Neither country issues physical passport labels any longer (NZ will, on request, but only after your visa has been approved, and you will need to fork up an extra $130
and courier your passport to Auckland). Instead, one is issued with a confirmation letter showing the details of the visa one holds (which is an electronic record in the immigration database), which one then prints out and presents at check-in and border control. INZ has a handy explanation of their eVisas
here (together with sample letters).
That said, both countries often require some physical passport evidence.
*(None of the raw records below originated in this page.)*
(* Let $(G,w)$ be a finite connected positively weighted graph whose minimum degree is at least $2$. Then for every natural number $r\ge 1$ and every function $g\colon V(G)\to\mathbb{R}^+$, there exists a vertex $v$ of $G$ such that $$\lambda_1(\widetilde{G}(v,r),w)\ \ge\ \frac{2\sum_{v_1\in V(G)}\sqrt{d(v_1)-1}\sum_{v_2\in N(v_1)} w(v_1v_2)\sqrt{g(v_1)g(v_2)}}{\sum_{u\in V(G)} g(u)d(u)}\cos\left(\frac{\pi}{r+2}\right),$$ where $N(v_1)=\{u\in V(G): v_1u\in E(G)\}$.
   Context: A (positively) weighted graph $(G,w)$ is a simple graph $G$ with a weight function $w\colon E(G)\to\mathbb{R}^+$. $d(u)$ denotes the degree (number of incident edges) of $u$ in $G$. A non-backtracking walk is a walk $(v_0,v_1,\dots)$ with $v_i\neq v_{i+2}$ for all $i$ (walks of length at most $1$ are non-backtracking). The unraveled ball $\widetilde{G}(v,r)$ is the graph whose vertices are all non-backtracking walks in $G$ of length at most $r$ starting at $v$, two walks being adjacent iff one is a one-step extension of the other; it is given the lifted weight $w\big((v_0,\dots,v_{i-1})(v_0,\dots,v_{i-1},v_i)\big)=w(v_{i-1}v_i)$. (Equivalently, it is the ball of radius $r$ about $v$ in the universal cover of $G$.) For a weighted graph $(H,w)$, its adjacency matrix $A(H,w)$ has $(u,v)$-entry $w(uv)$ if $uv\in E(H)$ and $0$ otherwise, and $\lambda_1(H,w)$ denotes the spectral radius of $A(H,w)$ (the weighted spectral radius). *)

theory Defs
  imports Complex_Main
begin

definition weighted_graph :: "'a set \<Rightarrow> ('a \<Rightarrow> 'a \<Rightarrow> bool) \<Rightarrow> ('a \<Rightarrow> 'a \<Rightarrow> real) \<Rightarrow> bool" where
  "weighted_graph V E w \<longleftrightarrow> finite V
     \<and> (\<forall>u v. E u v \<longrightarrow> u \<in> V \<and> v \<in> V)
     \<and> (\<forall>u v. E u v \<longrightarrow> E v u)
     \<and> (\<forall>u. \<not> E u u)
     \<and> (\<forall>u v. E u v \<longrightarrow> w u v > 0 \<and> w u v = w v u)"

definition connected_graph :: "'a set \<Rightarrow> ('a \<Rightarrow> 'a \<Rightarrow> bool) \<Rightarrow> bool" where
  "connected_graph V E \<longleftrightarrow> V \<noteq> {} \<and> (\<forall>u\<in>V. \<forall>v\<in>V. E\<^sup>*\<^sup>* u v)"

definition nbhd :: "'a set \<Rightarrow> ('a \<Rightarrow> 'a \<Rightarrow> bool) \<Rightarrow> 'a \<Rightarrow> 'a set" where
  "nbhd V E u = {v \<in> V. E u v}"

definition deg :: "'a set \<Rightarrow> ('a \<Rightarrow> 'a \<Rightarrow> bool) \<Rightarrow> 'a \<Rightarrow> nat" where
  "deg V E u = card (nbhd V E u)"

definition nb_walk :: "('a \<Rightarrow> 'a \<Rightarrow> bool) \<Rightarrow> 'a list \<Rightarrow> bool" where
  "nb_walk E xs \<longleftrightarrow> xs \<noteq> []
     \<and> (\<forall>i. Suc i < length xs \<longrightarrow> E (xs ! i) (xs ! Suc i))
     \<and> (\<forall>i. i + 2 < length xs \<longrightarrow> xs ! i \<noteq> xs ! (i + 2))"

text \<open>Vertices of the unraveled ball: non-backtracking walks from v of length
(number of edges) at most r.\<close>
definition unr_verts :: "('a \<Rightarrow> 'a \<Rightarrow> bool) \<Rightarrow> 'a \<Rightarrow> nat \<Rightarrow> 'a list set" where
  "unr_verts E v r = {xs. nb_walk E xs \<and> hd xs = v \<and> length xs \<le> r + 1}"

text \<open>Lifted weighted adjacency of the unraveled ball: two walks are adjacent iff
one is a one-step extension of the other; the weight is that of the last edge.\<close>
definition unr_adj :: "('a \<Rightarrow> 'a \<Rightarrow> real) \<Rightarrow> 'a list \<Rightarrow> 'a list \<Rightarrow> real" where
  "unr_adj w xs ys =
     (if (\<exists>z. ys = xs @ [z]) then w (last xs) (last ys)
      else if (\<exists>z. xs = ys @ [z]) then w (last ys) (last xs)
      else 0)"

definition spec_radius :: "'b set \<Rightarrow> ('b \<Rightarrow> 'b \<Rightarrow> real) \<Rightarrow> real" where
  "spec_radius S A = Sup {cmod \<mu> | \<mu>. \<exists>x :: 'b \<Rightarrow> complex. (\<exists>u\<in>S. x u \<noteq> 0)
       \<and> (\<forall>u\<in>S. (\<Sum>v\<in>S. complex_of_real (A u v) * x v) = \<mu> * x u)}"

definition lambda1_unr :: "('a \<Rightarrow> 'a \<Rightarrow> bool) \<Rightarrow> ('a \<Rightarrow> 'a \<Rightarrow> real) \<Rightarrow> 'a \<Rightarrow> nat \<Rightarrow> real" where
  "lambda1_unr E w v r = spec_radius (unr_verts E v r) (unr_adj w)"
lemma extremal_prefX:
  assumes "E \<noteq> {}" and "closed_plays E"
  shows "\<exists>x \<in> E. \<forall>y \<in> E. \<not> prefX r X (v x) (v y)"
    and "\<exists>x \<in> E. \<forall>y \<in> E. \<not> prefX r X (v y) (v x)"
  using extremal[OF assms] by (cases X; auto simp: prefX_def)+

lemma gX_eq_worst_play: "\<exists>q. consistent d X s \<gamma> q \<and> gX d v r X \<gamma> s = {x. \<not> prefX r X x (v q)}"
proof -
  have "{p. consistent d X s \<gamma> p} \<noteq> {}" using consistent_playg[of d X s s \<gamma>] by auto
  then obtain q where q: "consistent d X s \<gamma> q"
    and worst: "\<And>p. consistent d X s \<gamma> p \<Longrightarrow> \<not> prefX r X (v p) (v q)"
    using extremal_prefX(2)[OF _ closed_plays_consistent] by blast
  have "gX d v r X \<gamma> s = {x. \<not> prefX r X x (v q)}"
    using q worst not_prefX_trans[OF swo] by (auto simp: gX_eq)
  with q show ?thesis by blast
qed

lemma mem_GX_if_drops_infinitely_often:
  assumes opt: "\<And>\<gamma>. \<exists>s. gX d v r X \<gamma> s = GX d v r X \<gamma>"
    and antitone: "\<And>n m. k \<le> n \<Longrightarrow> n \<le> m \<Longrightarrow> GX d v r X (pre p m) \<subseteq> GX d v r X (pre p n)"
    and drops: "\<And>n. k \<le> n \<Longrightarrow> \<exists>m \<ge> n. GX d v r X (pre p m) \<noteq> GX d v r X (pre p n)"
  shows "v p \<in> GX d v r X (pre p k)"
proof -
  have "\<exists>q. pre q n = pre p n \<and> GX d v r X (pre p n) = {x. \<not> prefX r X x (v q)}" for n
    using opt[of "pre p n"] gX_eq_worst_play[of X _ "pre p n"]
    by (metis consistent_def length_pre mem_cyl_iff_pre)
  then obtain q where q: "\<And>n. pre (q n) n = pre p n"
    and worst: "\<And>n. GX d v r X (pre p n) = {x. \<not> prefX r X x (v (q n))}" by metis
  define E where "E = insert p (q ` {k..})"
  have "closed_plays E" unfolding E_def using q by (rule closed_plays_insert_limit)
  then obtain e where "e \<in> E" and best: "\<And>y. y \<in> E \<Longrightarrow> \<not> prefX r X (v e) (v y)"
    using extremal_prefX(1)[of E X] by (auto simp: E_def)
  have "e = p"
  proof (rule ccontr)
    assume "e \<noteq> p"
    with \<open>e \<in> E\<close> obtain n where n: "k \<le> n" "e = q n" by (auto simp: E_def)
    obtain m where m: "n \<le> m" "GX d v r X (pre p m) \<noteq> GX d v r X (pre p n)" using drops[OF n(1)] by blast
    with antitone[OF n(1)] obtain x where "x \<in> GX d v r X (pre p n)" "x \<notin> GX d v r X (pre p m)"
      by blast
    then have "prefX r X (v (q n)) (v (q m))"
      using worst[of n] worst[of m] not_prefX_trans[OF swo, of X x] by auto
    moreover have "q m \<in> E" using n m by (auto simp: E_def)
    ultimately show False using best n(2) by blast
  qed
  moreover have "q k \<in> E" by (simp add: E_def)
  ultimately show ?thesis using best worst[of k] by blast
qed

lemma uniformly_optimal_strategy:
  assumes opt: "\<And>\<gamma>. \<exists>s. gX d v r X \<gamma> s = GX d v r X \<gamma>"
  shows "\<exists>\<sigma>. \<forall>\<gamma> p. consistent d X \<sigma> \<gamma> p \<longrightarrow> v p \<in> GX d v r X \<gamma>"
proof -
  obtain S where S: "\<And>\<gamma>. gX d v r X \<gamma> (S \<gamma>) = GX d v r X \<gamma>" using opt by metis
  define \<sigma> where "\<sigma> h = S (anchor (GX d v r X) S d X h) h" for h
  have "v p \<in> GX d v r X (pre p k)" if p: "consistent d X \<sigma> (pre p k) p" for p k
  proof -
    have p_plays: "p n = S (anchor (GX d v r X) S d X (pre p n)) (pre p n)"
      if "k \<le> n" "d (pre p n) = X" for n
      using p that by (simp add: consistent_def \<sigma>_def)
    have antitone: "GX d v r X (pre p m) \<subseteq> GX d v r X (pre p n)" if "k \<le> n" "n \<le> m" for n m
      using that(2)
    proof (induct m rule: dec_induct)
      case (step m)
      then have "k \<le> m" using that(1) by linarith
      then have "GX d v r X (pre p m @ [p m]) \<subseteq> GX d v r X (pre p m)"
        by (intro GX_snoc_subset_anchored[OF S]) (simp add: p_plays)
      with step show ?case by (simp add: pre_Suc)
    qed simp
    show ?thesis
    proof (cases "\<exists>N \<ge> k. \<forall>m \<ge> N. GX d v r X (pre p m) = GX d v r X (pre p N)")
      case True
      then obtain N where N: "k \<le> N" "\<And>m. N \<le> m \<Longrightarrow> GX d v r X (pre p m) = GX d v r X (pre p N)"
        by blast
      have "v p \<in> GX d v r X (pre p N)" using swo S p_plays N by (rule mem_GX_if_stabilises)
      with antitone N(1) show ?thesis by blast
    next
      case False
      then show ?thesis
        by (intro mem_GX_if_drops_infinitely_often[OF opt antitone]) blast+
    qed
  qed
  then show ?thesis by (metis consistent_def mem_cyl_iff_pre)
qed

end

lemma is_SPE_combined_strategies:
  assumes a: "\<And>\<gamma> p. consistent d Pa \<sigma>a \<gamma> p \<Longrightarrow> v p \<in> GX d v r Pa \<gamma>"
    and b: "\<And>\<gamma> p. consistent d Pb \<sigma>b \<gamma> p \<Longrightarrow> v p \<in> GX d v r Pb \<gamma>"
    and separated: "\<And>\<gamma> x y. x \<in> GX d v r Pa \<gamma> \<Longrightarrow> y \<in> GX d v r Pb \<gamma> \<Longrightarrow> \<not> r x y"
  shows "is_SPE d v r (\<lambda>h. if d h = Pa then \<sigma>a h else \<sigma>b h)" (is "is_SPE d v r ?\<sigma>")
  unfolding is_SPE_def
proof (intro notI, elim exE)
  fix \<gamma> X s
  assume deviation: "prefX r X (v (playg \<gamma> ?\<sigma>)) (v (playg \<gamma> (upd d ?\<sigma> X s)))"
  have "v (playg \<gamma> ?\<sigma>) \<in> GX d v r Pa \<gamma>" by (rule a, rule consistent_playg) simp
  moreover have "v (playg \<gamma> ?\<sigma>) \<in> GX d v r Pb \<gamma>" by (rule b, rule consistent_playg) simp
  moreover have "X = Pa \<Longrightarrow> v (playg \<gamma> (upd d ?\<sigma> X s)) \<in> GX d v r Pb \<gamma>"
    by (rule b, rule consistent_playg) (simp add: upd_def)
  moreover have "X = Pb \<Longrightarrow> v (playg \<gamma> (upd d ?\<sigma> X s)) \<in> GX d v r Pa \<gamma>"
    by (rule a, rule consistent_playg) (simp add: upd_def)
  ultimately show False
    using deviation separated by (cases X) (auto simp: prefX_def)
qed
text \<open>Evenness and the functional equation give \<open>((\<lambda>y. - lam * g y) ^^ j) (g x) = g (lam ^ j * x)\<close>
  for \<open>\<bar>lam ^ j * x\<bar> \<le> 1\<close>, so the derivative in question is \<open>lam ^ j * deriv g (lam ^ j * x)\<close>
  and it suffices to bound \<open>\<bar>deriv g\<bar>\<close> on \<open>1 / lam \<le> \<bar>y\<bar> \<le> 1\<close>. With \<open>c1 = g 0\<close> and
  \<open>u0 = c1 / lam\<close>, concavity gives \<open>- lam \<le> deriv g \<le> deriv g u0\<close> on \<open>[u0, c1]\<close>, and
  \<open>deriv g u0 < -1\<close> because otherwise \<open>deriv g\<close> would be constant on an interval, where the
  Schwarzian derivative vanishes. For \<open>y \<in> [c1, 1]\<close> the differentiated functional equation
  \<open>deriv g (lam * u) = - deriv g (g u) * deriv g u\<close> writes \<open>deriv g y\<close> as a product of two
  such values, since both \<open>u = y / lam\<close> and \<open>g u\<close> lie in \<open>[u0, c1]\<close>; this last fact is a
  comparison of points of the orbit of \<open>1 / lam\<close> along the decreasing branch of \<open>g\<close>.\<close>

lemma analytic_near_interval_has_real_derivative:
  assumes "analytic_near_interval g" "x \<in> {-1..1}"
  shows "(g has_real_derivative deriv g x) (at x)"
proof -
  obtain G S where S: "open S" "complex_of_real ` {-1..1} \<subseteq> S" "G holomorphic_on S"
    "\<And>x. complex_of_real x \<in> S \<Longrightarrow> G (complex_of_real x) = complex_of_real (g x)"
    using assms(1) unfolding analytic_near_interval_def by blast
  have xS: "complex_of_real x \<in> S" using S(2) assms(2) by auto
  then obtain G' where G': "(G has_field_derivative G') (at (complex_of_real x))"
    using holomorphic_on_imp_differentiable_at[OF S(3) S(1)] field_differentiable_def by blast
  have "((\<lambda>t. G (of_real t)) has_vector_derivative G') (at x)"
    using has_vector_derivative_real_field[OF G'] by blast
  then have "((\<lambda>t. Re (G (of_real t))) has_vector_derivative Re G') (at x)"
    by (rule bounded_linear.has_vector_derivative[OF bounded_linear_Re])
  then have Re_deriv: "((\<lambda>t. Re (G (of_real t))) has_real_derivative Re G') (at x)"
    by (simp add: has_real_derivative_iff_has_vector_derivative)
  have "open (complex_of_real -` S)"
    by (rule open_vimage[OF S(1)]) (auto intro: continuous_intros)
  then have "(g has_real_derivative Re G') (at x)"
    by (rule has_field_derivative_transform_within_open[OF Re_deriv]) (use xS S(4) in auto)
  then show ?thesis using DERIV_imp_deriv by metis
qed

lemma has_real_derivative_unique_on_Icc:
  fixes f h :: "real \<Rightarrow> real"
  assumes "(f has_real_derivative D1) (at x)" "(h has_real_derivative D2) (at x)"
    and "a < b" "x \<in> {a..b}" "\<And>y. y \<in> {a..b} \<Longrightarrow> f y = h y"
  shows "D1 = D2"
proof -
  have f: "(f has_real_derivative D1) (at x within {a..b})"
    using assms(1) by (rule has_field_derivative_at_within)
  have "(h has_real_derivative D2) (at x within {a..b})"
    using assms(2) by (rule has_field_derivative_at_within)
  then have "(f has_real_derivative D2) (at x within {a..b})"
    by (rule has_field_derivative_transform_within[where d=1]) (use assms in auto)
  moreover have "at x within {a..b} \<noteq> bot"
    using assms(3,4) by (simp add: trivial_limit_within)
  ultimately show ?thesis using has_field_derivative_unique[OF f] by blast
qed

lemma concave_on_secant_between_derivatives:
  fixes f :: "real \<Rightarrow> real"
  assumes cv: "concave_on {a..b} f" and xy: "a \<le> x" "x < y" "y \<le> b"
    and dx: "(f has_real_derivative Dx) (at x)" and dy: "(f has_real_derivative Dy) (at y)"
  shows "(f y - f x) / (y - x) \<le> Dx" "Dy \<le> (f y - f x) / (y - x)"
proof -
  have cvx: "convex_on {a..b} (\<lambda>t. - f t)" using cv by (simp add: concave_on_def)
  have slopes: "(f y - f x) / (y - x) \<le> (f t - f x) / (t - x) \<and>
      (f y - f t) / (y - t) \<le> (f y - f x) / (y - x)" if "x < t" "t < y" for t
    using convex_on_slope_le[OF cvx, of x y t] that xy
    by (simp add: field_simps)
  have "((\<lambda>t. (f t - f x) / (t - x)) \<longlongrightarrow> Dx) (at x within {x<..})"
    using has_field_derivative_at_within[OF dx] has_field_derivative_iff by blast
  moreover have "\<forall>\<^sub>F t in at x within {x<..}. (f y - f x) / (y - x) \<le> (f t - f x) / (t - x)"
    using eventually_at_right_real[OF xy(2)] slopes by (auto elim: eventually_mono)
  ultimately show "(f y - f x) / (y - x) \<le> Dx"
    by (intro tendsto_lowerbound) auto
  have "((\<lambda>t. (f t - f y) / (t - y)) \<longlongrightarrow> Dy) (at y within {..<y})"
    using has_field_derivative_at_within[OF dy] has_field_derivative_iff by blast
  moreover have "\<forall>\<^sub>F t in at y within {..<y}. (f t - f y) / (t - y) \<le> (f y - f x) / (y - x)"
    using eventually_at_left_real[OF xy(2)]
  proof (rule eventually_mono)
    fix t assume t: "t \<in> {x<..<y}"
    have "(f t - f y) / (t - y) = (f y - f t) / (y - t)" using t by (simp add: field_simps)
    then show "(f t - f y) / (t - y) \<le> (f y - f x) / (y - x)" using slopes[of t] t by auto
  qed
  ultimately show "Dy \<le> (f y - f x) / (y - x)"
    by (intro tendsto_upperbound) auto
qed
NZ requires South African passport holders to submit their passports for physical verification if it's a passport they don't have record of: for on-shore South Africans, this requires couriering or physically dropping off the passport at the Visa Application Centre in Pretoria (but they return it as soon as it's verified and scanned in, usually a day later). Australia requires the applicant present oneself in person with passport for both passport verification and biometrics capture.
The eGates work with biometric passports only (so Home Affairs should be looking at issuing those, if they aren't already), and only citizens and other trusted countries (usually visa waiver countries) get to use them (so, as other posters pointed out, expect South African passport holders abroad to still have to go through manual processing). I don't have first-hand knowledge of these things, but as the holder of a British passport (and with her NZ Resident Visa linked to that passport), Mrs Kel does, and goes straight off to retrieve our luggage while I languish in the manual processing queue (though, as the holder of a Resident Visa myself, I legally cannot be denied entry permission, and so once I eventually get to the head of the queue, it's 15 seconds processing and done). From what she's told me, the system scans your passport and the biometric chip, asks you some questions about yourself and your intended purpose (depending on what passport you have and if you already have a visa or are from a visa waiver country and are applying for a Visitor Visa on entry), then takes a photo of you and compares this with the digital photo from the biometrics chip. If the system is happy, in you come; if not, it refers you to manual processing.
Note that minors can't use eGates: children's appearances change quickly enough that the eGates are unable to do biometric matching. Hence, I'm usually lumped with families travelling together in the manual processing queue.
Unfortunately, I have little faith that Home Affairs is smart, and every expectation that South Africa will get a flaky, insecure, and tenderpreneured version of both eVisas and eGates instead.